lemma compact_null_sets_if_disjoint_translates:
  fixes C :: "'z::euclidean_space set" and u :: 'z
  assumes "compact C"
    and disjoint: "\<And>\<alpha> \<beta>. \<alpha> \<noteq> \<beta> \<Longrightarrow> (+) (\<alpha> *\<^sub>R u) ` C \<inter> (+) (\<beta> *\<^sub>R u) ` C = {}"
  shows "C \<in> null_sets lborel"
proof -
  obtain R where R: "\<And>x. x \<in> C \<Longrightarrow> norm x \<le> R"
    using compact_imp_bounded[OF assms(1)] bounded_iff by blast
  define T where "T n i = (+) ((real i / real n) *\<^sub>R u) ` C" for n i :: nat
  define B where "B = measure lebesgue (cball (0::'z) (R + norm u))"
  have T_lmeasurable: "T n i \<in> lmeasurable" for n i
    unfolding T_def by (intro lmeasurable_compact compact_translation assms(1))
  have T_measure: "measure lebesgue (T n i) = measure lebesgue C" for n i
    unfolding T_def by (rule measure_translation)
  have T_bounded: "T n i \<subseteq> cball 0 (R + norm u)" if "i < n" for n i
  proof
    fix z assume "z \<in> T n i"
    then obtain x where x: "x \<in> C" "z = (real i / real n) *\<^sub>R u + x" unfolding T_def by blast
    have "real i / real n \<le> 1" using that by simp
    then have "(real i / real n) * norm u \<le> norm u"
      by (intro mult_left_le_one_le) auto
    then have "norm ((real i / real n) *\<^sub>R u) \<le> norm u"
      by simp
    then show "z \<in> cball 0 (R + norm u)"
      using R[OF x(1)] norm_triangle_ineq[of "(real i / real n) *\<^sub>R u" x] x(2) by auto
  qed
  have T_disjoint: "disjoint_family_on (T n) {..<n}" for n
  proof (unfold disjoint_family_on_def, intro ballI impI)
    fix i j assume "i \<in> {..<n}" "j \<in> {..<n}" "i \<noteq> j"
    then have "real i / real n \<noteq> real j / real n" by (simp add: divide_cancel_right)
    then show "T n i \<inter> T n j = {}" unfolding T_def by (rule disjoint)
  qed
  have translates_bound: "real n * measure lebesgue C \<le> B" for n
  proof -
    have "measure lebesgue (\<Union>i<n. T n i) = (\<Sum>i<n. measure lebesgue (T n i))"
      by (rule measure_finite_Union) (auto intro!: fmeasurableD fmeasurableD2 T_lmeasurable T_disjoint)
    then have "real n * measure lebesgue C = measure lebesgue (\<Union>i<n. T n i)"
      by (simp add: T_measure)
    also have "\<dots> \<le> B"
      unfolding B_def using T_bounded T_lmeasurable
      by (intro measure_mono_fmeasurable) (auto intro!: sets.finite_UN fmeasurableD)
    finally show ?thesis .
  qed
  have "measure lebesgue C = 0"
  proof (rule ccontr)
    assume "measure lebesgue C \<noteq> 0"
    then have "measure lebesgue C > 0" using measure_nonneg[of lebesgue C] by linarith
    moreover obtain n :: nat where "B / measure lebesgue C < n" using reals_Archimedean2 by blast
    ultimately show False
      using translates_bound[of n] by (simp add: divide_less_eq)
  qed
  then have "C \<in> null_sets lebesgue"
    using lmeasurable_compact[OF assms(1)]
    by (auto intro!: null_setsI fmeasurableD simp: emeasure_eq_measure2)
  then show ?thesis
    using borel_compact[OF assms(1)] by (simp add: null_sets_completion_iff)
qed

lemma bounded_cone_null_sets:
  fixes S :: "'z::euclidean_space set" and u :: 'z
  assumes "u \<noteq> 0" and "c < norm u" and "bounded S"
    and cone: "\<And>x y. x \<in> S \<Longrightarrow> y \<in> S \<Longrightarrow> \<bar>u \<bullet> (x - y)\<bar> \<le> c * norm (x - y)"
  shows "S \<in> null_sets lebesgue"
proof -
  define R where "R = {p::'z \<times> 'z. \<bar>u \<bullet> (fst p - snd p)\<bar> \<le> c * norm (fst p - snd p)}"
  have "closed R"
    unfolding R_def by (intro closed_Collect_le continuous_intros)
  moreover have "S \<times> S \<subseteq> R" using cone by (auto simp: R_def)
  ultimately have "closure S \<times> closure S \<subseteq> R"
    by (metis closure_Times closure_minimal)
  then have cone_closure: "\<bar>u \<bullet> (x - y)\<bar> \<le> c * norm (x - y)"
    if "x \<in> closure S" "y \<in> closure S" for x y
    using that by (auto simp: R_def)
  have "closure S \<in> null_sets lborel"
  proof (rule compact_null_sets_if_disjoint_translates)
    show "compact (closure S)" using assms(3) by (simp add: compact_closure)
    fix \<alpha> \<beta> :: real assume "\<alpha> \<noteq> \<beta>"
    show "(+) (\<alpha> *\<^sub>R u) ` closure S \<inter> (+) (\<beta> *\<^sub>R u) ` closure S = {}"
    proof (rule ccontr)
      assume "(+) (\<alpha> *\<^sub>R u) ` closure S \<inter> (+) (\<beta> *\<^sub>R u) ` closure S \<noteq> {}"
      then obtain x y where xy: "x \<in> closure S" "y \<in> closure S" "\<alpha> *\<^sub>R u + x = \<beta> *\<^sub>R u + y"
        by blast
      define d where "d = \<beta> - \<alpha>"
      have "x - y = d *\<^sub>R u" using xy(3) by (simp add: d_def algebra_simps)
      then have "\<bar>d\<bar> * norm u * norm u \<le> c * (\<bar>d\<bar> * norm u)"
        using cone_closure[OF xy(1,2)] by (simp add: abs_mult power2_norm_eq_inner[symmetric] power2_eq_square)
      moreover have "c * (\<bar>d\<bar> * norm u) < norm u * (\<bar>d\<bar> * norm u)"
        using assms(1,2) \<open>\<alpha> \<noteq> \<beta>\<close> by (intro mult_strict_right_mono) (auto simp: d_def)
      ultimately show False by (simp add: algebra_simps)
    qed
  qed
  then show ?thesis
    by (rule null_sets_completion_subset[OF closure_subset null_sets_completionI])
qed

----------

Only an exact copy of the data above will do.

* _Response to the task_:
lemma compact_null_sets_if_disjoint_translates:
  fixes C :: "'z::euclidean_space set" and u :: 'z
  assumes "compact C"
    and disjoint: "\<And>\<alpha> \<beta>. \<alpha> \<noteq> \<beta> \<Longrightarrow> (+) (\<alpha> *\<^sub>R u) ` C \<inter> (+) (\<beta> *\<^sub>R u) ` C = {}"
  shows "C \<in> null_sets lborel"
proof -
  obtain R where R: "\<And>x. x \<in> C \<Longrightarrow> norm x \<le> R"
    using compact_imp_bounded[OF assms(1)] bounded_iff by blast
  define T where "T n i = (+) ((real i / real n) *\<^sub>R u) ` C" for n i :: nat
  define B where "B = measure lebesgue (cball (0::'z) (R + norm u))"
  have T_lmeasurable: "T n i \<in> lmeasurable" for n i
    unfolding T_def by (intro lmeasurable_compact compact_translation assms(1))
  have T_measure: "measure lebesgue (T n i) = measure lebesgue C" for n i
    unfolding T_def by (rule measure_translation)
  have T_bounded: "T n i \<subseteq> cball 0 (R + norm u)" if "i < n" for n i
  proof
    fix z assume "z \<in> T n i"
    then obtain x where x: "x \<in> C" "z = (real i / real n) *\<^sub>R u + x" unfolding T_def by blast
    have "real i / real n \<le> 1" using that by simp
    then have "(real i / real n) * norm u \<le> norm u"
      by (intro mult_left_le_one_le) auto
    then have "norm ((real i / real n) *\<^sub>R u) \<le> norm u"
      by simp
    then show "z \<in> cball 0 (R + norm u)"
      using R[OF x(1)] norm_triangle_ineq[of "(real i / real n) *\<^sub>R u" x] x(2) by auto
  qed
  have T_disjoint: "disjoint_family_on (T n) {..<n}" for n
  proof (unfold disjoint_family_on_def, intro ballI impI)
    fix i j assume "i \<in> {..<n}" "j \<in> {..<n}" "i \<noteq> j"
    then have "real i / real n \<noteq> real j / real n" by (simp add: divide_cancel_right)
    then show "T n i \<inter> T n j = {}" unfolding T_def by (rule disjoint)
  qed
  have translates_bound: "real n * measure lebesgue C \<le> B" for n
  proof -
    have "measure lebesgue (\<Union>i<n. T n i) = (\<Sum>i<n. measure lebesgue (T n i))"
      by (rule measure_finite_Union) (auto intro!: fmeasurableD fmeasurableD2 T_lmeasurable T_disjoint)
    then have "real n * measure lebesgue C = measure lebesgue (\<Union>i<n. T n i)"
      by (simp add: T_measure)
    also have "\<dots> \<le> B"
      unfolding B_def using T_bounded T_lmeasurable
      by (intro measure_mono_fmeasurable) (auto intro!: sets.finite_UN fmeasurableD)
    finally show ?thesis .
  qed
  have "measure lebesgue C = 0"
  proof (rule ccontr)
    assume "measure lebesgue C \<noteq> 0"
    then have "measure lebesgue C > 0" using measure_nonneg[of lebesgue C] by linarith
    moreover obtain n :: nat where "B / measure lebesgue C < n" using reals_Archimedean2 by blast
    ultimately show False
      using translates_bound[of n] by (simp add: divide_less_eq)
  qed
  then have "C \<in> null_sets lebesgue"
    using lmeasurable_compact[OF assms(1)]
    by (auto intro!: null_setsI fmeasurableD simp: emeasure_eq_measure2)
  then show ?thesis
    using borel_compact[OF assms(1)] by (simp add: null_sets_completion_iff)
qed

lemma bounded_cone_null_sets:
  fixes S :: "'z::euclidean_space set" and u :: 'z
  assumes "u \<noteq> 0" and "c < norm u" and "bounded S"
    and cone: "\<And>x y. x \<in> S \<Longrightarrow> y \<in> S \<Longrightarrow> \<bar>u \<bullet> (x - y)\<bar> \<le> c * norm (x - y)"
  shows "S \<in> null_sets lebesgue"
proof -
  define R where "R = {p::'z \<times> 'z. \<bar>u \<bullet> (fst p - snd p)\<bar> \<le> c * norm (fst p - snd p)}"
  have "closed R"
    unfolding R_def by (intro closed_Collect_le continuous_intros)
  moreover have "S \<times> S \<subseteq> R" using cone by (auto simp: R_def)
  ultimately have "closure S \<times> closure S \<subseteq> R"
    by (metis closure_Times closure_minimal)
  then have cone_closure: "\<bar>u \<bullet> (x - y)\<bar> \<le> c * norm (x - y)"
    if "x \<in> closure S" "y \<in> closure S" for x y
    using that by (auto simp: R_def)
  have "closure S \<in> null_sets lborel"
  proof (rule compact_null_sets_if_disjoint_translates)
    show "compact (closure S)" using assms(3) by (simp add: compact_closure)
    fix \<alpha> \<beta> :: real assume "\<alpha> \<noteq> \<beta>"
    show "(+) (\<alpha> *\<^sub>R u) ` closure S \<inter> (+) (\<beta> *\<^sub>R u) ` closure S = {}"
    proof (rule ccontr)
      assume "(+) (\<alpha> *\<^sub>R u) ` closure S \<inter> (+) (\<beta> *\<^sub>R u) ` closure S \<noteq> {}"
      then obtain x y where xy: "x \<in> closure S" "y \<in> closure S" "\<alpha> *\<^sub>R u + x = \<beta> *\<^sub>R u + y"
        by blast
      define d where "d = \<beta> - \<alpha>"
      have "x - y = d *\<^sub>R u" using xy(3) by (simp add: d_def algebra_simps)
      then have "\<bar>d\<bar> * norm u * norm u \<le> c * (\<bar>d\<bar> * norm u)"
        using cone_closure[OF xy(1,2)] by (simp add: abs_mult power2_norm_eq_inner[symmetric] power2_eq_square)
      moreover have "c * (\<bar>d\<bar> * norm u) < norm u * (\<bar>d\<bar> * norm u)"
        using assms(1,2) \<open>\<alpha> \<noteq> \<beta>\<close> by (intro mult_strict_right_mono) (auto simp: d_def)
      ultimately show False by (simp add: algebra_simps)
    qed
  qed
  then show ?thesis
    by (rule null_sets_completion_subset[OF closure_subset null_sets_completionI])
qed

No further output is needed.